§ Problem to work on: Look through the listing below and write out exactly the lines from the line with "y] (f n @ [hd" to the line with "(f (Suc (Suc", both included, and no others.

§ Data in this exercise:
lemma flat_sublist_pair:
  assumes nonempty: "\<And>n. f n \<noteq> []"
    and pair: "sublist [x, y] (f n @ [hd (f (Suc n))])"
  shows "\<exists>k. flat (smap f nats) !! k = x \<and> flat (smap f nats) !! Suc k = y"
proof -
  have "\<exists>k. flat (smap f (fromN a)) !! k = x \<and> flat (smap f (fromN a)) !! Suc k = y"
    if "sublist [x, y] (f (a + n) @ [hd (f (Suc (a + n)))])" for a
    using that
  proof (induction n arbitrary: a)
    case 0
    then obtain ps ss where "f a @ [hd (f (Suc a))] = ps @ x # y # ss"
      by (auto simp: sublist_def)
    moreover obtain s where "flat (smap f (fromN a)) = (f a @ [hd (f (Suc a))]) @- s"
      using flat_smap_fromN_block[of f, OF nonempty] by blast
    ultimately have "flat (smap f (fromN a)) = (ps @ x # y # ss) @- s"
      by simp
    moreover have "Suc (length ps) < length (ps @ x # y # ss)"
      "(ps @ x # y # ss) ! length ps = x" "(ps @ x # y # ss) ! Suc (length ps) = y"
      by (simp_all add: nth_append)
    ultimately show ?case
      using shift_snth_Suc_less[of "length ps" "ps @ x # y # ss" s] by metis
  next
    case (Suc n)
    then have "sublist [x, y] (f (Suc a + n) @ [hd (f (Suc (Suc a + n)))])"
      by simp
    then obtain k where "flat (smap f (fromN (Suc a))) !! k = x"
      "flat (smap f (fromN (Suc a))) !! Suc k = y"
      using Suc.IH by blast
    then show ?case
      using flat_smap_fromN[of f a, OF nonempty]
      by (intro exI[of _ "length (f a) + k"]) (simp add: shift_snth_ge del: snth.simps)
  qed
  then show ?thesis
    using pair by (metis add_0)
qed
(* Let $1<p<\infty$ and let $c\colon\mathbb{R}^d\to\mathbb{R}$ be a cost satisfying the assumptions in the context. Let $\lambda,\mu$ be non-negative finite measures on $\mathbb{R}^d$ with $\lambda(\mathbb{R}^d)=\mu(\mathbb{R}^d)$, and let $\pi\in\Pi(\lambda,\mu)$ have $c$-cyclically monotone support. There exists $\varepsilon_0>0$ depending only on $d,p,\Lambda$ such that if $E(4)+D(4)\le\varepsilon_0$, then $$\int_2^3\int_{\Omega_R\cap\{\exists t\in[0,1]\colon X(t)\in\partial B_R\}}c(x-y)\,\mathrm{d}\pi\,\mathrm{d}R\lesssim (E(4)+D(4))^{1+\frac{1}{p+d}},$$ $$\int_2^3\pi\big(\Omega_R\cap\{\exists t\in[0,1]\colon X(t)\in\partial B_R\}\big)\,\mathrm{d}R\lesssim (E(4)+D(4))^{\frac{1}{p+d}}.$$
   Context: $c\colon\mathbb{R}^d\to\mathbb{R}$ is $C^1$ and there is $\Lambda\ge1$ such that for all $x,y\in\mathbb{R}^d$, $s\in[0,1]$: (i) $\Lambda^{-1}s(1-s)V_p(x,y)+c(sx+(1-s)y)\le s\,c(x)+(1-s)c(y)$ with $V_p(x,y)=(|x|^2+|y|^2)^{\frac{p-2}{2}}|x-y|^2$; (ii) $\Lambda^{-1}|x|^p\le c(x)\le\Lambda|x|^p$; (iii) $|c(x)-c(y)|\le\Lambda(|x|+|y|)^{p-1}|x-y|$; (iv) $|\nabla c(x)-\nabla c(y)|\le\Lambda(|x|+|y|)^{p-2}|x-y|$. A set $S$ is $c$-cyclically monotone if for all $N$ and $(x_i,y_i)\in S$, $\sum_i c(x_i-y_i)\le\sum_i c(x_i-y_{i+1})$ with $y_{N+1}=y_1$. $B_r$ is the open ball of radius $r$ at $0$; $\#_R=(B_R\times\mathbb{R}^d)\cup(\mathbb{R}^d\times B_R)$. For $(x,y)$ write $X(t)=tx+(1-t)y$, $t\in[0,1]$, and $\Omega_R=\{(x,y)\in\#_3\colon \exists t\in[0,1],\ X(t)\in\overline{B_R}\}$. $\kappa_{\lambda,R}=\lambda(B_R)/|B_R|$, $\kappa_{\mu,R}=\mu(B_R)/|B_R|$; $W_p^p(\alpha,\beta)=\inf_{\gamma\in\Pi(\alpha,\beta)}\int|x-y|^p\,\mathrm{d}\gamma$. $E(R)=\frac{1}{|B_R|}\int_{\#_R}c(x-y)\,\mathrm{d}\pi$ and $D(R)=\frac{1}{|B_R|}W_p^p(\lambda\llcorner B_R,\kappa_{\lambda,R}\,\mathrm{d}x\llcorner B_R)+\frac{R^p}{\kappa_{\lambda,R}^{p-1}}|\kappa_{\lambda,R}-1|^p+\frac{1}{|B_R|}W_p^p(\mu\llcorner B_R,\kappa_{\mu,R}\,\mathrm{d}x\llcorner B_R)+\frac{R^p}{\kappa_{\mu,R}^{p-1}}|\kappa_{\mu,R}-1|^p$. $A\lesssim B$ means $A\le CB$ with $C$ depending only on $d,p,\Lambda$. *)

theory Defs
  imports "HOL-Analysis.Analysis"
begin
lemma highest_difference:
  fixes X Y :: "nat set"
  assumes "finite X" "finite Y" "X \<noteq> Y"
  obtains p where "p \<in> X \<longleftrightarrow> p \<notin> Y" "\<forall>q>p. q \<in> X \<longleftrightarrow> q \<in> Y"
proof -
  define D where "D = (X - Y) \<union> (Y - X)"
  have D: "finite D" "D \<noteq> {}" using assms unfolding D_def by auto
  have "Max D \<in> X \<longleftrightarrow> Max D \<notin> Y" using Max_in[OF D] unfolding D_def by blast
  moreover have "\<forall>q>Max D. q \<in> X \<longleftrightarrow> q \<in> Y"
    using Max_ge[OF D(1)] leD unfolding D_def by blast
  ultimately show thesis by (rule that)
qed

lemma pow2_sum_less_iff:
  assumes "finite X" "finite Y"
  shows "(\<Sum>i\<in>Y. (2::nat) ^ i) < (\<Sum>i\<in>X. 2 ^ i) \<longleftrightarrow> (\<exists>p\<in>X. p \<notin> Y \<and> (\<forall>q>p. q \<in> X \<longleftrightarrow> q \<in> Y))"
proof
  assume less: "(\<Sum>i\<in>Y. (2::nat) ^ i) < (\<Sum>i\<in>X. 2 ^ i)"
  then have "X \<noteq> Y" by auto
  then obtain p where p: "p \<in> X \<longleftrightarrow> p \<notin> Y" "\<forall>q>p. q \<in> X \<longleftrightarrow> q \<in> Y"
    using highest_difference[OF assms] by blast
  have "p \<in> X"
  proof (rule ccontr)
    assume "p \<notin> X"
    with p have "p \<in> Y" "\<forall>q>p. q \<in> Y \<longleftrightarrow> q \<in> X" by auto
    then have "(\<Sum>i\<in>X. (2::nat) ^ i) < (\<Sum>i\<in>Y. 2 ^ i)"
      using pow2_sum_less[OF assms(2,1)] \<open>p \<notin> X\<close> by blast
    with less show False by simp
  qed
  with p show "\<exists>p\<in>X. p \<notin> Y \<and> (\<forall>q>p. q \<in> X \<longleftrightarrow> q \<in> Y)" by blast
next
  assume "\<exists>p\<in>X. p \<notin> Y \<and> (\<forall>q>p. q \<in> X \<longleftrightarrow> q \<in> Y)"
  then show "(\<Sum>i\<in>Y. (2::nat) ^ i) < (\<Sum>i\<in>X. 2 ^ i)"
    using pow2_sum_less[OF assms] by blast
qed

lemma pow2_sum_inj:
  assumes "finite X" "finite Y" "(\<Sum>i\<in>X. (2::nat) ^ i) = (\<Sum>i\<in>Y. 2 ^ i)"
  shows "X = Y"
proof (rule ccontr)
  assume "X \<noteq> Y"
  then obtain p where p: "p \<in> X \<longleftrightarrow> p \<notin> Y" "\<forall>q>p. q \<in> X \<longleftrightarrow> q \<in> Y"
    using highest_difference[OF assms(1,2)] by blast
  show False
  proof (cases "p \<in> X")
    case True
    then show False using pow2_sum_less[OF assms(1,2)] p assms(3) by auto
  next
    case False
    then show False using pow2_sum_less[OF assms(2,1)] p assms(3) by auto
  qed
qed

§ Response:
    and pair: "sublist [x, y] (f n @ [hd (f (Suc n))])"
  shows "\<exists>k. flat (smap f nats) !! k = x \<and> flat (smap f nats) !! Suc k = y"
proof -
  have "\<exists>k. flat (smap f (fromN a)) !! k = x \<and> flat (smap f (fromN a)) !! Suc k = y"
    if "sublist [x, y] (f (a + n) @ [hd (f (Suc (a + n)))])" for a
    using that
  proof (induction n arbitrary: a)
    case 0
    then obtain ps ss where "f a @ [hd (f (Suc a))] = ps @ x # y # ss"
      by (auto simp: sublist_def)
    moreover obtain s where "flat (smap f (fromN a)) = (f a @ [hd (f (Suc a))]) @- s"
      using flat_smap_fromN_block[of f, OF nonempty] by blast
    ultimately have "flat (smap f (fromN a)) = (ps @ x # y # ss) @- s"
      by simp
    moreover have "Suc (length ps) < length (ps @ x # y # ss)"
      "(ps @ x # y # ss) ! length ps = x" "(ps @ x # y # ss) ! Suc (length ps) = y"
      by (simp_all add: nth_append)
    ultimately show ?case
      using shift_snth_Suc_less[of "length ps" "ps @ x # y # ss" s] by metis
  next
    case (Suc n)
    then have "sublist [x, y] (f (Suc a + n) @ [hd (f (Suc (Suc a + n)))])"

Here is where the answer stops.